In this issue of the Journal, Meireles-Brandão et al. report the results of the ISTO study, which provides further evidence on the control of LDL-C in primary prevention patients living in Portugal.12 ISTO is a retrospective study of 516 patients managed at a CVD risk outpatient clinic in a university hospital. Study patients had at least two CVD risk factors and were followed for at least two years between 1995 and 2015. At baseline, 75.0% of patients were overweight or obese, 71.9% were not regularly physically active, 63.8% had a history of hypertension, 30.6% had diabetes, and 13.0% were current smokers. Moderate-intensity statin therapy was prescribed for 91.5% of patients at baseline and intended to be maintained throughout follow-up. At a median follow-up of 11 years, median LDL-C levels had improved significantly, from 172 mg/dl at baseline to 92 mg/dl at last follow-up. This change was associated with significant reductions in both median carotid intima-media thickness and CVD risk at last follow-up. Nevertheless, since most patients had high CVD risk at baseline (according to the Framingham risk score or the ASCVD risk estimator) and considering the wide range of LDL-C levels at last follow-up, from 37 mg/dl to 211 mg/dl, it seems reasonable to conclude that most patients had not achieved currently recommended LDL-C goals at last follow-up.

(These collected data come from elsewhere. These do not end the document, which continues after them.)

(* For any ultradiscrete ballean $(X,\mathcal E_X)$, the coarse structure ${\downarrow}\mathcal E_X$ coincides with the universal coarse structure ${\Uparrow}\mathcal B_X$ of its bornology.
   Context: A ballean is a pair $(X,\mathcal E_X)$ where $X$ is a set and $\mathcal E_X$ is a family of subsets of $X\times X$ (entourages) such that: each $E\in\mathcal E_X$ contains the diagonal $\Delta_X$; for any $E,F\in\mathcal E_X$ there is $D\in\mathcal E_X$ with $E\circ F^{-1}\subset D$; and $\bigcup\mathcal E_X=X\times X$. For $E\subset X\times X$, $x\in X$, $A\subset X$: $E[x]=\{y:(x,y)\in E\}$, $E[A]=\bigcup_{a\in A}E[a]$, $E^{-1}=\{(y,x):(x,y)\in E\}$. $B\subset X$ is bounded if $B\subset E[x]$ for some $E\in\mathcal E_X$, $x\in X$; $\mathcal B_X$ is the family of bounded sets. Sets $A,B$ are asymptotically disjoint if $E[A]\cap E[B]\in\mathcal B_X$ for all $E\in\mathcal E_X$; $X$ is ultranormal if it contains no two unbounded asymptotically disjoint sets. $X$ is discrete if $X$ is unbounded and for every $E\in\mathcal E_X$ there is a bounded $B_E$ with $E[x]=\{x\}$ for $x\in X\setminus B_E$; ultradiscrete = discrete and ultranormal. ${\downarrow}\mathcal E_X=\{E\subset X\times X:\Delta_X\subset E\subset F\text{ for some }F\in\mathcal E_X\}$. ${\Uparrow}\mathcal B_X$ is the family of all $G\subset X\times X$ with $\Delta_X\subset G$ such that $G[B]$ and $G^{-1}[B]$ are bounded for every bounded $B\subset X$. *)

theory Defs
  imports Main
begin

text \<open>Balls: E[x] = {y. (x,y) \<in> E} is written  E `` {x},  and E[A] is  E `` A.\<close>

definition ballean :: "'a set \<Rightarrow> ('a \<times> 'a) set set \<Rightarrow> bool" where
  "ballean X \<E> \<longleftrightarrow>
     (\<forall>E\<in>\<E>. Id_on X \<subseteq> E \<and> E \<subseteq> X \<times> X) \<and>
     (\<forall>E\<in>\<E>. \<forall>F\<in>\<E>. \<exists>D\<in>\<E>. E O F\<inverse> \<subseteq> D) \<and>
     \<Union>\<E> = X \<times> X"

definition bounded_in :: "'a set \<Rightarrow> ('a \<times> 'a) set set \<Rightarrow> 'a set \<Rightarrow> bool" where
  "bounded_in X \<E> B \<longleftrightarrow> (\<exists>E\<in>\<E>. \<exists>x\<in>X. B \<subseteq> E `` {x})"

definition asymp_disjoint :: "'a set \<Rightarrow> ('a \<times> 'a) set set \<Rightarrow> 'a set \<Rightarrow> 'a set \<Rightarrow> bool" where
  "asymp_disjoint X \<E> A B \<longleftrightarrow> (\<forall>E\<in>\<E>. bounded_in X \<E> (E `` A \<inter> E `` B))"

definition ultranormal :: "'a set \<Rightarrow> ('a \<times> 'a) set set \<Rightarrow> bool" where
  "ultranormal X \<E> \<longleftrightarrow>
     \<not> (\<exists>A B. A \<subseteq> X \<and> B \<subseteq> X \<and> \<not> bounded_in X \<E> A \<and> \<not> bounded_in X \<E> B
              \<and> asymp_disjoint X \<E> A B)"

definition discrete_ballean :: "'a set \<Rightarrow> ('a \<times> 'a) set set \<Rightarrow> bool" where
  "discrete_ballean X \<E> \<longleftrightarrow> \<not> bounded_in X \<E> X \<and>
     (\<forall>E\<in>\<E>. \<exists>B. B \<subseteq> X \<and> bounded_in X \<E> B \<and> (\<forall>x\<in>X - B. E `` {x} = {x}))"

definition ultradiscrete :: "'a set \<Rightarrow> ('a \<times> 'a) set set \<Rightarrow> bool" where
  "ultradiscrete X \<E> \<longleftrightarrow> discrete_ballean X \<E> \<and> ultranormal X \<E>"

definition down_closure :: "'a set \<Rightarrow> ('a \<times> 'a) set set \<Rightarrow> ('a \<times> 'a) set set" where
  "down_closure X \<E> = {E. Id_on X \<subseteq> E \<and> (\<exists>F\<in>\<E>. E \<subseteq> F)}"

definition universal_coarse :: "'a set \<Rightarrow> ('a \<times> 'a) set set \<Rightarrow> ('a \<times> 'a) set set" where
  "universal_coarse X \<E> = {G. Id_on X \<subseteq> G \<and> G \<subseteq> X \<times> X \<and>
     (\<forall>B. B \<subseteq> X \<longrightarrow> bounded_in X \<E> B \<longrightarrow>
        bounded_in X \<E> (G `` B) \<and> bounded_in X \<E> (G\<inverse> `` B))}"

end

theory Submission
  imports Defs
begin

text \<open>
  One inclusion holds in every ballean. For the other, let G be an entourage of the universal
  coarse structure and take, by Zorn, a maximal set M \<subseteq> X containing no two distinct
  G-related points. Maximality gives X \<subseteq> G[M] \<union> G\<inverse>[M], so M is unbounded because X is.
  In a discrete ballean M and X - M are asymptotically disjoint, hence ultranormality makes
  X - M bounded. Every pair of distinct G-related points has an endpoint outside M, so both
  endpoints lie in the bounded set C = G[X - M] \<union> G\<inverse>[X - M]; thus G \<subseteq> Id_on X \<union> C \<times> C,
  which lies in a single entourage.
\<close>

lemma ballean_subset: "ballean X \<E> \<Longrightarrow> E \<in> \<E> \<Longrightarrow> E \<subseteq> X \<times> X"
  unfolding ballean_def by blast

lemma ballean_diag: "ballean X \<E> \<Longrightarrow> E \<in> \<E> \<Longrightarrow> x \<in> X \<Longrightarrow> (x, x) \<in> E"
  unfolding ballean_def Id_on_def by blast

lemma ballean_relcomp_converse:
  "ballean X \<E> \<Longrightarrow> E \<in> \<E> \<Longrightarrow> F \<in> \<E> \<Longrightarrow> \<exists>D\<in>\<E>. E O F\<inverse> \<subseteq> D"
  unfolding ballean_def by blast

lemma ballean_covers: "ballean X \<E> \<Longrightarrow> x \<in> X \<Longrightarrow> y \<in> X \<Longrightarrow> \<exists>E\<in>\<E>. (x, y) \<in> E"
  unfolding ballean_def by blast

lemma ballean_converse:
  assumes b: "ballean X \<E>" and E: "E \<in> \<E>"
  shows "\<exists>D\<in>\<E>. E\<inverse> \<subseteq> D"
proof -
  obtain D where D: "D \<in> \<E>" "E O E\<inverse> \<subseteq> D"
    using ballean_relcomp_converse[OF b E E] by blast
  have "E\<inverse> \<subseteq> E O E\<inverse>"
  proof
    fix p assume "p \<in> E\<inverse>"
    then obtain x y where p: "p = (x, y)" "(y, x) \<in> E" by blast
    then have "(x, x) \<in> E" using ballean_diag[OF b E] ballean_subset[OF b E] by blast
    with p show "p \<in> E O E\<inverse>" by blast
  qed
  with D show ?thesis by blast
qed

lemma ballean_relcomp:
  assumes b: "ballean X \<E>" and E: "E \<in> \<E>" and F: "F \<in> \<E>"
  shows "\<exists>D\<in>\<E>. E O F \<subseteq> D"
proof -
  obtain F' where F': "F' \<in> \<E>" "F\<inverse> \<subseteq> F'" using ballean_converse[OF b F] by blast
  obtain D where D: "D \<in> \<E>" "E O F'\<inverse> \<subseteq> D"
    using ballean_relcomp_converse[OF b E F'(1)] by blast
  have "E O F \<subseteq> E O F'\<inverse>" using F'(2) by blast
  with D show ?thesis by blast
qed

lemma ballean_Un:
  assumes b: "ballean X \<E>" and E: "E \<in> \<E>" and F: "F \<in> \<E>"
  shows "\<exists>D\<in>\<E>. E \<union> F \<subseteq> D"
proof -
  obtain D where D: "D \<in> \<E>" "E O F \<subseteq> D" using ballean_relcomp[OF b E F] by blast
  have "E \<union> F \<subseteq> E O F"
  proof
    fix p assume "p \<in> E \<union> F"
    then obtain x y where p: "p = (x, y)" "(x, y) \<in> E \<union> F" by (cases p) blast
    then have "x \<in> X" "y \<in> X" using ballean_subset[OF b E] ballean_subset[OF b F] by blast+
    then have "(x, x) \<in> E" "(y, y) \<in> F" using ballean_diag[OF b E] ballean_diag[OF b F] by blast+
    with p show "p \<in> E O F" by blast
  qed
  with D show ?thesis by blast
qed

lemma bounded_in_subset: "bounded_in X \<E> B \<Longrightarrow> A \<subseteq> B \<Longrightarrow> bounded_in X \<E> A"
  unfolding bounded_in_def by blast

lemma bounded_in_imp_subset: "ballean X \<E> \<Longrightarrow> bounded_in X \<E> B \<Longrightarrow> B \<subseteq> X"
  unfolding bounded_in_def using ballean_subset by blast

lemma bounded_in_Image:
  assumes b: "ballean X \<E>" and B: "bounded_in X \<E> B" and F: "F \<in> \<E>"
  shows "bounded_in X \<E> (F `` B)"
proof -
  obtain H x where H: "H \<in> \<E>" "x \<in> X" "B \<subseteq> H `` {x}"
    using B unfolding bounded_in_def by blast
  obtain D where D: "D \<in> \<E>" "H O F \<subseteq> D" using ballean_relcomp[OF b H(1) F] by blast
  have "F `` B \<subseteq> D `` {x}" using H(3) D(2) by blast
  with D(1) H(2) show ?thesis unfolding bounded_in_def by blast
qed

lemma bounded_in_square:
  assumes b: "ballean X \<E>" and C: "bounded_in X \<E> C"
  shows "\<exists>D\<in>\<E>. C \<times> C \<subseteq> D"
proof -
  obtain H x where H: "H \<in> \<E>" "x \<in> X" "C \<subseteq> H `` {x}"
    using C unfolding bounded_in_def by blast
  obtain H' where H': "H' \<in> \<E>" "H\<inverse> \<subseteq> H'" using ballean_converse[OF b H(1)] by blast
  obtain D where D: "D \<in> \<E>" "H' O H \<subseteq> D" using ballean_relcomp[OF b H'(1) H(1)] by blast
  have "C \<times> C \<subseteq> H' O H" using H(3) H'(2) by blast
  with D show ?thesis by blast
qed

lemma bounded_in_Un:
  assumes b: "ballean X \<E>" and B1: "bounded_in X \<E> B1" and B2: "bounded_in X \<E> B2"
  shows "bounded_in X \<E> (B1 \<union> B2)"
proof -
  obtain H1 x1 where H1: "H1 \<in> \<E>" "x1 \<in> X" "B1 \<subseteq> H1 `` {x1}"
    using B1 unfolding bounded_in_def by blast
  obtain H2 x2 where H2: "H2 \<in> \<E>" "x2 \<in> X" "B2 \<subseteq> H2 `` {x2}"
    using B2 unfolding bounded_in_def by blast
  obtain K where K: "K \<in> \<E>" "(x1, x2) \<in> K" using ballean_covers[OF b H1(2) H2(2)] by blast
  obtain D1 where D1: "D1 \<in> \<E>" "K O H2 \<subseteq> D1" using ballean_relcomp[OF b K(1) H2(1)] by blast
  obtain D where D: "D \<in> \<E>" "H1 \<union> D1 \<subseteq> D" using ballean_Un[OF b H1(1) D1(1)] by blast
  have "B1 \<union> B2 \<subseteq> D `` {x1}" using H1(3) H2(3) K(2) D1(2) D(2) by blast
  with D(1) H1(2) show ?thesis unfolding bounded_in_def by blast
qed

lemma down_closure_subset_universal_coarse:
  assumes b: "ballean X \<E>"
  shows "down_closure X \<E> \<subseteq> universal_coarse X \<E>"
proof
  fix E assume "E \<in> down_closure X \<E>"
  then obtain F where F: "Id_on X \<subseteq> E" "F \<in> \<E>" "E \<subseteq> F"
    unfolding down_closure_def by blast
  obtain F' where F': "F' \<in> \<E>" "F\<inverse> \<subseteq> F'" using ballean_converse[OF b F(2)] by blast
  have "E `` B \<subseteq> F `` B" "E\<inverse> `` B \<subseteq> F' `` B" for B using F(3) F'(2) by blast+
  then have "bounded_in X \<E> (E `` B) \<and> bounded_in X \<E> (E\<inverse> `` B)" if "bounded_in X \<E> B" for B
    using bounded_in_Image[OF b that F(2)] bounded_in_Image[OF b that F'(1)]
    by (blast intro: bounded_in_subset)
  with F ballean_subset[OF b F(2)] show "E \<in> universal_coarse X \<E>"
    unfolding universal_coarse_def by blast
qed

lemma discrete_asymp_disjoint_complement:
  assumes b: "ballean X \<E>" and d: "discrete_ballean X \<E>" and M: "M \<subseteq> X"
  shows "asymp_disjoint X \<E> M (X - M)"
  unfolding asymp_disjoint_def
proof
  fix E assume E: "E \<in> \<E>"
  obtain B where B: "bounded_in X \<E> B" "\<forall>x\<in>X - B. E `` {x} = {x}"
    using d E unfolding discrete_ballean_def by blast
  have "E `` M \<inter> E `` (X - M) \<subseteq> E `` B"
  proof
    fix z assume "z \<in> E `` M \<inter> E `` (X - M)"
    then obtain a c where ac: "a \<in> M" "(a, z) \<in> E" "c \<in> X - M" "(c, z) \<in> E" by blast
    have "a \<in> B \<or> c \<in> B"
    proof (rule ccontr)
      assume "\<not> (a \<in> B \<or> c \<in> B)"
      then have "z = a" "z = c" using B(2) ac M by blast+
      with ac show False by blast
    qed
    with ac show "z \<in> E `` B" by blast
  qed
  then show "bounded_in X \<E> (E `` M \<inter> E `` (X - M))"
    using bounded_in_subset bounded_in_Image[OF b B(1) E] by blast
qed

lemma ultradiscrete_bounded_or_complement_bounded:
  assumes "ballean X \<E>" and "ultradiscrete X \<E>" and "M \<subseteq> X"
  shows "bounded_in X \<E> M \<or> bounded_in X \<E> (X - M)"
  using assms discrete_asymp_disjoint_complement[OF assms(1) _ assms(3)]
  unfolding ultradiscrete_def ultranormal_def by blast

definition independent :: "('a \<times> 'a) set \<Rightarrow> 'a set \<Rightarrow> bool" where
  "independent G M \<longleftrightarrow> G \<inter> M \<times> M \<subseteq> Id"

lemma independent_dominating_set_exists:
  "\<exists>M. M \<subseteq> X \<and> independent G M \<and> X \<subseteq> M \<union> G `` M \<union> G\<inverse> `` M"
proof -
  let ?I = "{M. M \<subseteq> X \<and> independent G M}"
  have "\<forall>C\<in>chains ?I. \<Union>C \<in> ?I"
  proof
    fix C assume C: "C \<in> chains ?I"
    have "x = y" if "x \<in> S1" "y \<in> S2" "S1 \<in> C" "S2 \<in> C" "(x, y) \<in> G" for x y S1 S2
    proof -
      have "S1 \<subseteq> S2 \<or> S2 \<subseteq> S1" using C that unfolding chains_def chain_subset_def by blast
      with C that show ?thesis unfolding chains_def independent_def by blast
    qed
    with C show "\<Union>C \<in> ?I" unfolding chains_def independent_def by blast
  qed
  from Zorn_Lemma[OF this] obtain M where M: "M \<in> ?I" and max: "\<forall>Z\<in>?I. M \<subseteq> Z \<longrightarrow> Z = M" ..
  have "x \<in> M \<union> G `` M \<union> G\<inverse> `` M" if x: "x \<in> X" "x \<notin> M" for x
  proof -
    have "\<not> independent G (insert x M)" using max M x by blast
    with M show ?thesis unfolding independent_def by blast
  qed
  with M show ?thesis by blast
qed

lemma universal_coarse_subset_down_closure:
  assumes b: "ballean X \<E>" and ud: "ultradiscrete X \<E>"
  shows "universal_coarse X \<E> \<subseteq> down_closure X \<E>"
proof
  fix G assume G: "G \<in> universal_coarse X \<E>"
  then have G_diag: "Id_on X \<subseteq> G" and G_sub: "G \<subseteq> X \<times> X"
    unfolding universal_coarse_def by blast+
  have G_bounded: "bounded_in X \<E> (B \<union> G `` B \<union> G\<inverse> `` B)" if B: "bounded_in X \<E> B" for B
  proof -
    have "bounded_in X \<E> (G `` B)" "bounded_in X \<E> (G\<inverse> `` B)"
      using G B bounded_in_imp_subset[OF b B] unfolding universal_coarse_def by blast+
    with B show ?thesis by (intro bounded_in_Un[OF b])
  qed
  obtain M where M: "M \<subseteq> X" "independent G M" and cover: "X \<subseteq> M \<union> G `` M \<union> G\<inverse> `` M"
    using independent_dominating_set_exists[of X G] by blast
  have "\<not> bounded_in X \<E> M"
  proof
    assume "bounded_in X \<E> M"
    then have "bounded_in X \<E> X" using bounded_in_subset[OF G_bounded cover] by blast
    with ud show False unfolding ultradiscrete_def discrete_ballean_def by blast
  qed
  then have "bounded_in X \<E> (X - M)"
    using ultradiscrete_bounded_or_complement_bounded[OF b ud M(1)] by blast
  define C where "C = (X - M) \<union> G `` (X - M) \<union> G\<inverse> `` (X - M)"
  have "bounded_in X \<E> C" unfolding C_def by (rule G_bounded) fact
  then obtain D where D: "D \<in> \<E>" "C \<times> C \<subseteq> D" using bounded_in_square[OF b] by blast
  have "G \<subseteq> Id_on X \<union> C \<times> C"
  proof
    fix p assume "p \<in> G"
    then obtain x y where p: "p = (x, y)" "(x, y) \<in> G" by (cases p) blast
    then have "x \<in> X" "y \<in> X" using G_sub by blast+
    moreover have "x = y \<or> x \<notin> M \<or> y \<notin> M"
      using p(2) M(2) unfolding independent_def by blast
    ultimately show "p \<in> Id_on X \<union> C \<times> C"
      using p unfolding C_def by blast
  qed
  moreover have "Id_on X \<subseteq> D" using ballean_diag[OF b D(1)] by auto
  ultimately have "G \<subseteq> D" using D(2) by blast
  with G_diag D(1) show "G \<in> down_closure X \<E>" unfolding down_closure_def by blast
qed

theorem proposition6p3:
  fixes X :: "'a set" and \<E> :: "('a \<times> 'a) set set"
  assumes "ballean X \<E>" and "ultradiscrete X \<E>"
  shows "down_closure X \<E> = universal_coarse X \<E>"
  using down_closure_subset_universal_coarse[OF assms(1)]
    universal_coarse_subset_down_closure[OF assms] by (rule subset_antisym)

end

The findings of the ISTO study, like previous studies performed in Portugal, are not surprising. Most of the patients receiving lipid-lowering therapy in these studies were on moderate-intensity statin therapy and very few were taking ezetimibe. Taking a statin is certainly not enough to prevent avoidable atherosclerotic CVD. Optimal lowering of LDL-C is not achieved in most patients initiated on statin monotherapy, and these patients will experience significantly increased risk of future CVD, whether or not established CVD is present at baseline.13,14
Now is the time to step out of the comfort zone, to fight treatment inertia and realize the full potential of the benefits of LDL-C reduction in patients at high or very high CVD risk, by combining statin therapy with ezetimibe and/or other LDL-C lowering therapies such as bempedoic acid and PCSK9 inhibitors as needed to achieve the recommended LDL-C goal. “Great things never came from comfort zones.” (Neil Strauss)
The author declares having received honoraria for consultancy and/or lectures from Amgen, Daiichi-Sankyo, Medinfar, Novartis, Tecnimede, and Viatris.